In this environment, face recognition can be considered. However, face recognition requires enrollment of the user’s face, and it performs matching with features from enrolled and input face images. However, in many applications, the user does not want to enroll his or her face due to anxiety over private face information being divulged. In addition, in applications such as analysis of the ages of visitors at shopping centers for marketing, it is difficult to enroll the faces of all visitors in advance. However, our research on age estimation does not require enrollment, and the user’s age is estimated directly from the input image without any matching. Therefore, our method can be used in various fields without causing resistance by users to enrolling their face information.
Most of the images from the PAL and MORPH databases used in our experiments show frontal faces. Because these open databases have been widely used for evaluating the accuracy of age estimation [
11,
12,
14,
16,
17,
18,
19,
20,
21,
22], we used them for comparisons with previous methods. There is no open database (providing ground-truth age information) in which faces are captured at different angles and distances, some part of the face is obscured, and real blurred images are included. Therefore, in order to conduct experiments, we gathered a self-collected database of images of 20 participants including the factors of different angles and distances, obstruction, and real blurring, which were obtained by an auto-focusing camera set 2.4 m from the ground in an indoor surveillance environment.

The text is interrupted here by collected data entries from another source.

text \<open>Completeness of A for the countable family of seminorms
  a \<mapsto> ||delta^m(a)||, a \<mapsto> ||delta^m([D,a])||  (m \<ge> 0); the topology is metrizable,
  so sequential completeness is completeness.\<close>
definition complete_algebra :: "('h::{real_inner,complete_space} \<Rightarrow> 'h) \<Rightarrow> ('h \<Rightarrow> 'h) set \<Rightarrow> 'h uop \<Rightarrow> bool" where
  "complete_algebra J A D \<longleftrightarrow>
     (\<forall>s. (\<forall>n. s n \<in> A) \<longrightarrow>
        (\<forall>m. \<forall>e>0. \<exists>N. \<forall>n\<ge>N. \<forall>k\<ge>N.
            onorm (delta_pow J D m (\<lambda>x. s n x - s k x)) < e \<and>
            onorm (delta_pow J D m (comm J D (\<lambda>x. s n x - s k x))) < e) \<longrightarrow>
        (\<exists>a\<in>A. \<forall>m. (\<lambda>n. onorm (delta_pow J D m (\<lambda>x. s n x - a x))) \<longlonglongrightarrow> 0 \<and>
                    (\<lambda>n. onorm (delta_pow J D m (comm J D (\<lambda>x. s n x - a x)))) \<longlonglongrightarrow> 0))"

definition commutative_algebra :: "('h \<Rightarrow> 'h) set \<Rightarrow> bool" where
  "commutative_algebra A \<longleftrightarrow> (\<forall>a\<in>A. \<forall>b\<in>A. a \<circ> b = b \<circ> a)"

definition first_order :: "('h::real_normed_vector \<Rightarrow> 'h) \<Rightarrow> ('h \<Rightarrow> 'h) set \<Rightarrow> 'h uop \<Rightarrow> bool" where
  "first_order J A D \<longleftrightarrow> (\<forall>a\<in>A. \<forall>b\<in>A. comm J D a \<circ> b = b \<circ> comm J D a)"

definition commutes_with_uop :: "('h \<Rightarrow> 'h) \<Rightarrow> 'h uop \<Rightarrow> bool" where
  "commutes_with_uop T D \<longleftrightarrow> T ` udom D \<subseteq> udom D \<and> (\<forall>x\<in>udom D. uapp D (T x) = T (uapp D x))"

definition irreducible_triple :: "('h::real_normed_vector \<Rightarrow> 'h) \<Rightarrow> ('h \<Rightarrow> 'h) set \<Rightarrow> 'h uop \<Rightarrow> bool" where
  "irreducible_triple J A D \<longleftrightarrow>
     (\<forall>T. cbounded J T \<and> commutes_with_uop T D \<and> (\<forall>a\<in>A. T \<circ> a = a \<circ> T) \<longrightarrow>
          (\<exists>c. T = cscale J c))"

definition projector :: "('h::real_inner \<Rightarrow> 'h) \<Rightarrow> bool" where
  "projector q \<longleftrightarrow> q = adjoint q \<and> q \<circ> q = q"

end

theory Submission
  imports Defs
begin

text \<open>By the Leibniz rule, the commutator C = [D,q] of an idempotent q satisfies C = C q + q C.
  The first order condition makes C commute with q, so C = 2 q C; multiplying by q gives q C = 0,
  hence C = 0. Thus q commutes with D and, A being commutative, with all of A, so irreducibility
  makes q a complex scalar c, and c * c = c forces c = 0 or c = 1.\<close>

lemma complex_structure_inner_self:
  assumes "complex_structure J"
  shows "inner x (J x) = 0"
proof -
  have JJ: "J (J x) = - x" and J_inner: "inner (J x) (J (J x)) = inner x (J x)"
    using assms unfolding complex_structure_def by blast+
  have "inner x (J x) = - inner x (J x)"
    using J_inner by (simp add: JJ inner_commute)
  then show ?thesis by simp
qed

lemma norm_cscale:
  assumes "complex_structure J"
  shows "norm (cscale J c x) = cmod c * norm x"
proof -
  have "inner (J x) (J x) = inner x x" and "inner x (J x) = 0" "inner (J x) x = 0"
    using assms complex_structure_inner_self[OF assms, of x]
    unfolding complex_structure_def by (auto simp: inner_commute)
  then have "inner (cscale J c x) (cscale J c x) = ((Re c)\<^sup>2 + (Im c)\<^sup>2) * inner x x"
    by (simp add: cscale_def inner_add_left inner_add_right power2_eq_square algebra_simps)
  then have "(norm (cscale J c x))\<^sup>2 = ((Re c)\<^sup>2 + (Im c)\<^sup>2) * (norm x)\<^sup>2"
    by (simp only: power2_norm_eq_inner)
  also have "\<dots> = (cmod c * norm x)\<^sup>2"
    by (simp add: cmod_def power_mult_distrib)
  finally show ?thesis
    by (simp add: power2_eq_iff_nonneg)
qed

Figure 13 shows examples of images in this database. For fair comparison, we have made our database available to other researchers. As shown in
Figure 13d, real blurred images were captured due to people moving, in spite of the auto-focusing functionality of the camera.
As shown in
Table 10, the MAE of age estimation for different distances was as large as 8.03. That is because important features, such as wrinkles, disappear in low-resolution images captured at a far distance. Real blurred images and images from different angles did not have much effect on the accuracy of age estimation. However, in case of obstruction, MAE was a little increased. That is because the important features for age estimation around the nose and mouth could not be used for estimation.